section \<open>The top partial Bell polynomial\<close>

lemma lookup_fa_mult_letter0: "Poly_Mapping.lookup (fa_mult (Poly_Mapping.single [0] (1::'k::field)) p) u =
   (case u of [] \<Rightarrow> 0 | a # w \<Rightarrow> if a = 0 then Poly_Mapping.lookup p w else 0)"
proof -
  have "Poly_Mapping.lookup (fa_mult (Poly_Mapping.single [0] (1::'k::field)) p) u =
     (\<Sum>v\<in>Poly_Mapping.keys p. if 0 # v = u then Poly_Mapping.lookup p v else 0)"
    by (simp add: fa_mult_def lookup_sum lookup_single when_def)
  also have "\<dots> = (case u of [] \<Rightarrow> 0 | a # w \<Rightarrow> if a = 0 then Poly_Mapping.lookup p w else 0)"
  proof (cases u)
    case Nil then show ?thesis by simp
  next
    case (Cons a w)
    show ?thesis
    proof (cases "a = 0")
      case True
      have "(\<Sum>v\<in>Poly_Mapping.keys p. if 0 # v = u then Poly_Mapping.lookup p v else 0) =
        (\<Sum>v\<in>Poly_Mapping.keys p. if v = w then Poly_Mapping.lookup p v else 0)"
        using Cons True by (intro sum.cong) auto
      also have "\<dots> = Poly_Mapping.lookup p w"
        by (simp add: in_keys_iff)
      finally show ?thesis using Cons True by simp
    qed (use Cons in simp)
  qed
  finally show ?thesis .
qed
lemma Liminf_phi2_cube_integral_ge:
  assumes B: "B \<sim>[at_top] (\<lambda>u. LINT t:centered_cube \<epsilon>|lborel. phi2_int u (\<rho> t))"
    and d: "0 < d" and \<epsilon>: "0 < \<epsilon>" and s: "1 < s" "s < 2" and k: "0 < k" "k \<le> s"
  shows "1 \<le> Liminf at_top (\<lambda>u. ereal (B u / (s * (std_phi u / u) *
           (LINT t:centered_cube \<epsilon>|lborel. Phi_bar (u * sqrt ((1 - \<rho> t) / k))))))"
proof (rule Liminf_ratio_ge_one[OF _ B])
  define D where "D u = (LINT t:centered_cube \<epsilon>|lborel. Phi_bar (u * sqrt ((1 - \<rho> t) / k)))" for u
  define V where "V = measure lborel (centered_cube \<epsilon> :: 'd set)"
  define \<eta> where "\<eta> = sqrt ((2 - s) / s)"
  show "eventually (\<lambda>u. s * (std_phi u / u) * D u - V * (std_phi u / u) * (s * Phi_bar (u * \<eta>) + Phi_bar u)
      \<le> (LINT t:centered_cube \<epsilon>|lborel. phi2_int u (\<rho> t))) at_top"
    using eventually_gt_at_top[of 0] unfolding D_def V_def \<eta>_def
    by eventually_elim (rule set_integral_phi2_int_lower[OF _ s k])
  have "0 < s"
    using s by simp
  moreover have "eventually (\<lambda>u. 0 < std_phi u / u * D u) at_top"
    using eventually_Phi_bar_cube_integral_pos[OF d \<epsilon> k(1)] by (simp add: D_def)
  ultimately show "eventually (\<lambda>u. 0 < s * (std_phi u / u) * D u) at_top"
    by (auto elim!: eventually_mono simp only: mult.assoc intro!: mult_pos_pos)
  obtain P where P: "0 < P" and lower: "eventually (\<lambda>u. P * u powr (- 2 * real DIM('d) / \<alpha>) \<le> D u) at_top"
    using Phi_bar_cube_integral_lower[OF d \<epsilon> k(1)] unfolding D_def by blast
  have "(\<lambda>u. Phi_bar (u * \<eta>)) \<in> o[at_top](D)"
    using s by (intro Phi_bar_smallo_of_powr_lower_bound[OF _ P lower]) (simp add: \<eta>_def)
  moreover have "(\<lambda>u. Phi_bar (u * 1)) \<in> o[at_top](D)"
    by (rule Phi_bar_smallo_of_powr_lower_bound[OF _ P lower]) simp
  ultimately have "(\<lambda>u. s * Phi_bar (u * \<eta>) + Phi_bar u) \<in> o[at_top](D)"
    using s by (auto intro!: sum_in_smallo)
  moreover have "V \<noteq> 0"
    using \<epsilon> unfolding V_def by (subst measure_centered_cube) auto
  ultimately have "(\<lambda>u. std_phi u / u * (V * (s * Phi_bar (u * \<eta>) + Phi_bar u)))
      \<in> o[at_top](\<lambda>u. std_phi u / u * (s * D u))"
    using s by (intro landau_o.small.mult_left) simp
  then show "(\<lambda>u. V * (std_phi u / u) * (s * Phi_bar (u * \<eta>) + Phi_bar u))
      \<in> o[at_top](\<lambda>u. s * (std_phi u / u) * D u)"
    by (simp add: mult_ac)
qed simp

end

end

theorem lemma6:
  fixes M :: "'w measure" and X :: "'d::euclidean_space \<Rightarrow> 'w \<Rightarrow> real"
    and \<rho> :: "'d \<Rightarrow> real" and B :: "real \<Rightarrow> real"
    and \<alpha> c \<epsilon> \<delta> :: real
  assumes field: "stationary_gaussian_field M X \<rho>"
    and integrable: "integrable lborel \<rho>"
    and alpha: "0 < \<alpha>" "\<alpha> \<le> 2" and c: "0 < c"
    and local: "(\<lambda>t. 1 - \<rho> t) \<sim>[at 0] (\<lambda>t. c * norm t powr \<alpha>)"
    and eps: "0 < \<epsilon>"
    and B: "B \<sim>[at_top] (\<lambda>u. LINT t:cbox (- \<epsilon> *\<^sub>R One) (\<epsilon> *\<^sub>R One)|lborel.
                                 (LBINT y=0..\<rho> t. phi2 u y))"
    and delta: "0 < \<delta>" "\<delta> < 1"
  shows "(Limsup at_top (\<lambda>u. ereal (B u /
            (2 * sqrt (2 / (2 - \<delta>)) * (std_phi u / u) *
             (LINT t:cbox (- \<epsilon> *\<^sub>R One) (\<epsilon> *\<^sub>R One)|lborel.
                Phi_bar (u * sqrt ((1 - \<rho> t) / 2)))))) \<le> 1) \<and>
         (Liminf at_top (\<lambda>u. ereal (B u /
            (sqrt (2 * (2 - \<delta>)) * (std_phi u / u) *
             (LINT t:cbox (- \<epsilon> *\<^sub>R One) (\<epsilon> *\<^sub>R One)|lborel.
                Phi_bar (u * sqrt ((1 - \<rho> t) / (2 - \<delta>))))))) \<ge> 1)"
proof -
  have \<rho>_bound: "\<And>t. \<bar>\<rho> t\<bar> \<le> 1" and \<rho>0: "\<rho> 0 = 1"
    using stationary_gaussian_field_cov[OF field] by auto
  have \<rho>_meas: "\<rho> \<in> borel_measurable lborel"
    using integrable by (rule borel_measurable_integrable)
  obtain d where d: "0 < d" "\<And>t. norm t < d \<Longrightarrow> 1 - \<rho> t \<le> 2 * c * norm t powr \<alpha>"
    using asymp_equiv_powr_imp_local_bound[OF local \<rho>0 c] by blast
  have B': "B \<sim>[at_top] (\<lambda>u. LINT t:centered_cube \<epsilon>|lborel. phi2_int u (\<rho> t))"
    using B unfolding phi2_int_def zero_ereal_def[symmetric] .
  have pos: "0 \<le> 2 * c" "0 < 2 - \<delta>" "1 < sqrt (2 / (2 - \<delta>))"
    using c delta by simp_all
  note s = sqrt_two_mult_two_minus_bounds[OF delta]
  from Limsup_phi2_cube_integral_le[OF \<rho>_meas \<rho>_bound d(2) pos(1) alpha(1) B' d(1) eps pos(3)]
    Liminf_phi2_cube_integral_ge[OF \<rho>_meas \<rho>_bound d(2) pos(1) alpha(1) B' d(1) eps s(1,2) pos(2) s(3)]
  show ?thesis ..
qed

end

══════════

* **PROBLEM REQUIREMENTS**:
Using the records above, copy each line that contains "else".

* **OUTPUT**:
   (case u of [] \<Rightarrow> 0 | a # w \<Rightarrow> if a = 0 then Poly_Mapping.lookup p w else 0)"
     (\<Sum>v\<in>Poly_Mapping.keys p. if 0 # v = u then Poly_Mapping.lookup p v else 0)"
  also have "\<dots> = (case u of [] \<Rightarrow> 0 | a # w \<Rightarrow> if a = 0 then Poly_Mapping.lookup p w else 0)"
      have "(\<Sum>v\<in>Poly_Mapping.keys p. if 0 # v = u then Poly_Mapping.lookup p v else 0) =
        (\<Sum>v\<in>Poly_Mapping.keys p. if v = w then Poly_Mapping.lookup p v else 0)"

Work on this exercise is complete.